CleanSpark is a software and services company that offers software and intelligent controls for microgrid and distributed energy resource management systems and innovative strategy and design services.
“We count ourselves as very fortunate as we delivered our seventh consecutive record-setting quarter with a significant increase in year-over-year revenues during this trying period,” CEO Zachary Bradford Chairman S. Matthew Schultz said in a letter to shareholders.
“Through our strategic acquisition of p2klabs Inc. and expansion of our existing product offerings, we are optimistic that we will continue to see increased adoption of our solutions and associated revenues.”
HollyFrontier
HollyFrontier Corp., based in Texas but with operations in Utah, reported a net loss attributable to stockholders of $304.6 million, or $1.88 per share, for the quarter ended March 31. That compares with net income of $253.1 million, or $1.47 per share, for the same quarter a year earlier.
Sales and other revenues in the most recent quarter totaled $3.4 billion, down from $3.9 billion in the year-earlier quarter.
HollyFrontier is an independent petroleum refiner and marketer that produces light products such as gasoline, diesel fuel, jet fuel and other specialty products. It owns and operates refineries in Utah and four other states.
HollyFrontier delivered strong financial results in the first quarter driven by healthy margins in our refining and finished lubricants businesses,” Michael Jennings, president and CEO, said in announcing the results.
“We are committed to delivering safe and reliable operations during this challenging environment. We believe our disciplined approach to capital allocation, led by our strong balance sheet and liquidity position, will help position HollyFrontier for long-term success.”
Holly Energy Partners
Holly Energy Partners LP, based in Texas but with operations in Utah, reported net income of $24.9 million, or 24 cents per share, for the first quarter ended March 31. That compares with $51.2 million, or 49 cents per share, for the same quarter a year earlier.
Revenues in the most recent quarter totaled $127.9 million, down from $134.5 million in the year-earlier quarter.
Holly Energy Partners provides petroleum product and crude oil transportation, terminalling, storage and throughput services to the petroleum industry, including HollyFrontier Corp. subsidiaries. The partnership, through its subsidiaries and joint ventures, owns and/or operates petroleum product and crude pipelines, tankage and terminals in Utah and eight other states, plus refinery processing units in Utah and Kansas.

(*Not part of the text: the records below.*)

section \<open>Blue arcs of a tree\<close>

text \<open>The blue arcs of the evaluation of t, drawn with leftmost vertex v; b tells whether the
  base is blue.\<close>

fun tree_arcs :: "ftree \<Rightarrow> nat \<Rightarrow> bool \<Rightarrow> (nat \<times> nat) set" where
  "tree_arcs Leaf v b = (if b then {(v, v + 1)} else {})"
| "tree_arcs (Node g l r) v b = (if b then {(v, v + arity l + arity r)} else {})
     \<union> tree_arcs l v (g = GP) \<union> tree_arcs r (v + arity l) (g = GS)"

abbreviation inner_arcs :: "ftree \<Rightarrow> nat \<Rightarrow> (nat \<times> nat) set" where
  "inner_arcs t v \<equiv> tree_arcs t v False"

lemma tree_arcs_bounds:
  "a \<in> tree_arcs t v b \<Longrightarrow> v \<le> fst a \<and> fst a < snd a \<and> snd a \<le> v + arity t"
proof (induction t arbitrary: v b)
  case (Node g l r)
  then show ?case using arity_ge_1[of l] arity_ge_1[of r]
    by (auto split: if_splits) fastforce+
qed (auto split: if_splits)

lemma base_notin_inner_arcs: "(v, v + arity t) \<notin> inner_arcs t v"
proof (cases t)
  case (Node g l r)
  then show ?thesis
    using tree_arcs_bounds[of _ l v] tree_arcs_bounds[of _ r "v + arity l"]
      arity_ge_1[of l] arity_ge_1[of r]
    by fastforce
qed simp

lemma tree_arcs_eq: "tree_arcs t v b = (if b then {(v, v + arity t)} else {}) \<union> inner_arcs t v"
  by (cases t) auto

lemma base_in_tree_arcs: "(v, v + arity t) \<in> tree_arcs t v True"
  by (cases t) auto

lemma inner_arcs_eq_Diff: "inner_arcs t v = tree_arcs t v b - {(v, v + arity t)}"
  using tree_arcs_eq[of t v b] base_notin_inner_arcs[of v t] by auto

lemma inner_arcs_eqI:
  "arity t = arity u \<Longrightarrow> tree_arcs t v b = tree_arcs u v b \<Longrightarrow> inner_arcs t v = inner_arcs u v"
  using inner_arcs_eq_Diff[of t v b] inner_arcs_eq_Diff[of u v b] by simp

lemma tree_arcs_translate:
  "(\<lambda>(x, y). (x + d, y + d)) ` tree_arcs t v b = tree_arcs t (v + d) b"
  by (induction t arbitrary: v b) (auto simp: image_Un algebra_simps)

definition relabel_arc :: "nat \<Rightarrow> nat \<Rightarrow> nat \<times> nat \<Rightarrow> nat \<times> nat" where
  "relabel_arc i m a = (relabel i m (fst a), relabel i m (snd a))"

lemma relabel_arc_straddle: "v \<le> i \<Longrightarrow> i < w \<Longrightarrow> relabel_arc i m (v, w) = (v, w + m - 1)"
  by (simp add: relabel_arc_def relabel_def)

lemma relabel_arc_tree_arcs_below:
  "v + arity t \<le> i \<Longrightarrow> relabel_arc i m ` tree_arcs t v b = tree_arcs t v b"
proof -
  assume below: "v + arity t \<le> i"
  have "relabel_arc i m a = a" if "a \<in> tree_arcs t v b" for a
    using tree_arcs_bounds[OF that] below by (cases a) (simp add: relabel_arc_def relabel_def)
  then show ?thesis by simp
qed

lemma relabel_arc_tree_arcs_above:
  assumes "1 \<le> m" "i < v"
  shows "relabel_arc i m ` tree_arcs t v b = tree_arcs t (v + (m - 1)) b"
proof -
  have "relabel_arc i m a = (\<lambda>(x, y). (x + (m - 1), y + (m - 1))) a" if "a \<in> tree_arcs t v b" for a
    using tree_arcs_bounds[OF that] assms by (cases a) (simp add: relabel_arc_def relabel_def)
  then have "relabel_arc i m ` tree_arcs t v b = (\<lambda>(x, y). (x + (m - 1), y + (m - 1))) ` tree_arcs t v b"
    by (rule image_cong[OF HOL.refl])
  then show ?thesis by (simp add: tree_arcs_translate)
qed

lemma tree_arcs_tcomp:
  "1 \<le> i \<Longrightarrow> i \<le> arity t \<Longrightarrow> tree_arcs (tcomp t i u) v b =
    relabel_arc (v + i - 1) (arity u) ` (tree_arcs t v b - {(v + i - 1, v + i)})
    \<union> tree_arcs u (v + i - 1) ((v + i - 1, v + i) \<in> tree_arcs t v b)"
proof (induction t arbitrary: i v b)
  case (Node g l r)
  define m where "m = arity u"
  define k where "k = v + i - 1"
  define R where "R = (if b then {(v, v + arity l + arity r)} else {})"
  have m1: "1 \<le> m" using arity_ge_1 m_def by auto
  have k: "v + i - 1 = k" "v + i = k + 1" using Node.prems unfolding k_def by auto
  have e_notin_R: "(k, k + 1) \<notin> R"
    using Node.prems arity_ge_1[of l] arity_ge_1[of r] unfolding R_def k_def by auto
  have relabel_R: "relabel_arc k m ` R = (if b then {(v, v + arity l + arity r + (m - 1))} else {})"
    using Node.prems relabel_arc_straddle[of v k "v + arity l + arity r" m] m1
    unfolding R_def k_def by auto
  have "tree_arcs (tcomp (Node g l r) i u) v b =
        relabel_arc k m ` (tree_arcs (Node g l r) v b - {(k, k + 1)})
        \<union> tree_arcs u k ((k, k + 1) \<in> tree_arcs (Node g l r) v b)"
  proof (cases "i \<le> arity l")
    case True
    have e_notin_r: "(k, k + 1) \<notin> tree_arcs r (v + arity l) (g = GS)"
      using tree_arcs_bounds[of "(k, k + 1)" r "v + arity l" "g = GS"] True Node.prems arity_ge_1[of l]
      unfolding k_def by auto
    have "tree_arcs (tcomp (Node g l r) i u) v b = relabel_arc k m ` R
        \<union> tree_arcs (tcomp l i u) v (g = GP) \<union> tree_arcs r (v + arity l + (m - 1)) (g = GS)"
      using True relabel_R arity_tcomp[of i l u] Node.prems m1 unfolding m_def
      by (simp add: algebra_simps)
    also have "\<dots> = relabel_arc k m ` R
        \<union> (relabel_arc k m ` (tree_arcs l v (g = GP) - {(k, k + 1)})
           \<union> tree_arcs u k ((k, k + 1) \<in> tree_arcs l v (g = GP)))
        \<union> relabel_arc k m ` (tree_arcs r (v + arity l) (g = GS) - {(k, k + 1)})"
      using Node.IH(1)[of i v "g = GP"] relabel_arc_tree_arcs_above[OF m1, of k "v + arity l" r]
        e_notin_r True Node.prems k unfolding m_def by simp
    finally show ?thesis
      using e_notin_R e_notin_r unfolding R_def by (auto simp: image_Un)
  next
    case False
    define j where "j = i - arity l"
    have j: "1 \<le> j" "j \<le> arity r" "v + arity l + j - 1 = k" "v + arity l + j = k + 1"
      using False Node.prems unfolding j_def k_def by auto
    have e_notin_l: "(k, k + 1) \<notin> tree_arcs l v (g = GP)"
      using tree_arcs_bounds[of "(k, k + 1)" l v] False unfolding k_def by auto
    have "tree_arcs (tcomp (Node g l r) i u) v b = relabel_arc k m ` R
        \<union> tree_arcs l v (g = GP) \<union> tree_arcs (tcomp r j u) (v + arity l) (g = GS)"
      using False relabel_R arity_tcomp[of j r u] j m1 unfolding j_def m_def
      by (simp add: algebra_simps)
    also have "\<dots> = relabel_arc k m ` R
        \<union> relabel_arc k m ` (tree_arcs l v (g = GP) - {(k, k + 1)})
        \<union> (relabel_arc k m ` (tree_arcs r (v + arity l) (g = GS) - {(k, k + 1)})
           \<union> tree_arcs u k ((k, k + 1) \<in> tree_arcs r (v + arity l) (g = GS)))"
      using Node.IH(2)[OF j(1,2), of "v + arity l" "g = GS"] j(3,4) e_notin_l
        relabel_arc_tree_arcs_below[of v l k m "g = GP"] False
      unfolding m_def k_def by simp
    finally show ?thesis
      using e_notin_R e_notin_l unfolding R_def by (auto simp: image_Un)
  qed
  then show ?case by (simp only: k(1)) (simp only: k(2) m_def)
qed simp

section \<open>The evaluation morphism\<close>

definition tree_bnc :: "ftree \<Rightarrow> bnc" where
  "tree_bnc t = BNC (arity t) (tree_arcs t 1 True) {}"

lemma bcomp_tree_bnc:
  assumes "1 \<le> i" "i \<le> arity t"
  shows "bcomp (tree_bnc t) i (tree_bnc u) = tree_bnc (tcomp t i u)"
proof -
  define m where "m = arity u"
  have base: "(1, m + 1) \<in> tree_arcs u 1 True"
    using base_in_tree_arcs[of 1 u] m_def by simp
  have shift_inner: "shift i ` (tree_arcs u 1 True - {(1, m + 1)}) = inner_arcs u i"
  proof -
    have "shift i ` inner_arcs u 1 = (\<lambda>(x, y). (x + (i - 1), y + (i - 1))) ` inner_arcs u 1"
      using assms by (intro image_cong) (auto simp: shift_def)
    then show ?thesis
      using inner_arcs_eq_Diff[of u 1 True] tree_arcs_translate[of "i - 1" u 1 False] assms m_def
      by simp
  qed
  have grafted: "tree_arcs u i c = inner_arcs u i \<union> (if c then {(i, i + m)} else {})" for c
    using m_def by (cases c) (simp_all add: tree_arcs_eq[of u i True])
  show ?thesis
    unfolding bcomp_def Let_def tree_bnc_def
    using base shift_inner grafted[of "(i, i + 1) \<in> tree_arcs t 1 True"]
      tree_arcs_tcomp[OF assms, of u 1 True] arity_tcomp[OF assms, of u]
    by (simp add: m_def Un_assoc relabel_arc_def[abs_def])
qed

The company said COVID-19 has “created destruction of demand, as well as lack of forward visibility, for refined products and crude oil transportation, and for the terminalling and storage services that we provide. We expect a recovery of our services as demand for these essential products returns in the long run; however, there is little visibility on the timing for, or the extent of, this recovery in the near term.”
“HEP delivered solid first-quarter results, supported by safe and reliable operations and continued strength in both our crude and refined product transportation and storage systems. Additionally, HEP has changed its distribution strategy to allow for long-term financial strength and flexibility. The new distribution rate will allow HEP to retain an additional $130 million per year, which will be utilized to fully fund capital expenditures as well as reduce leverage.”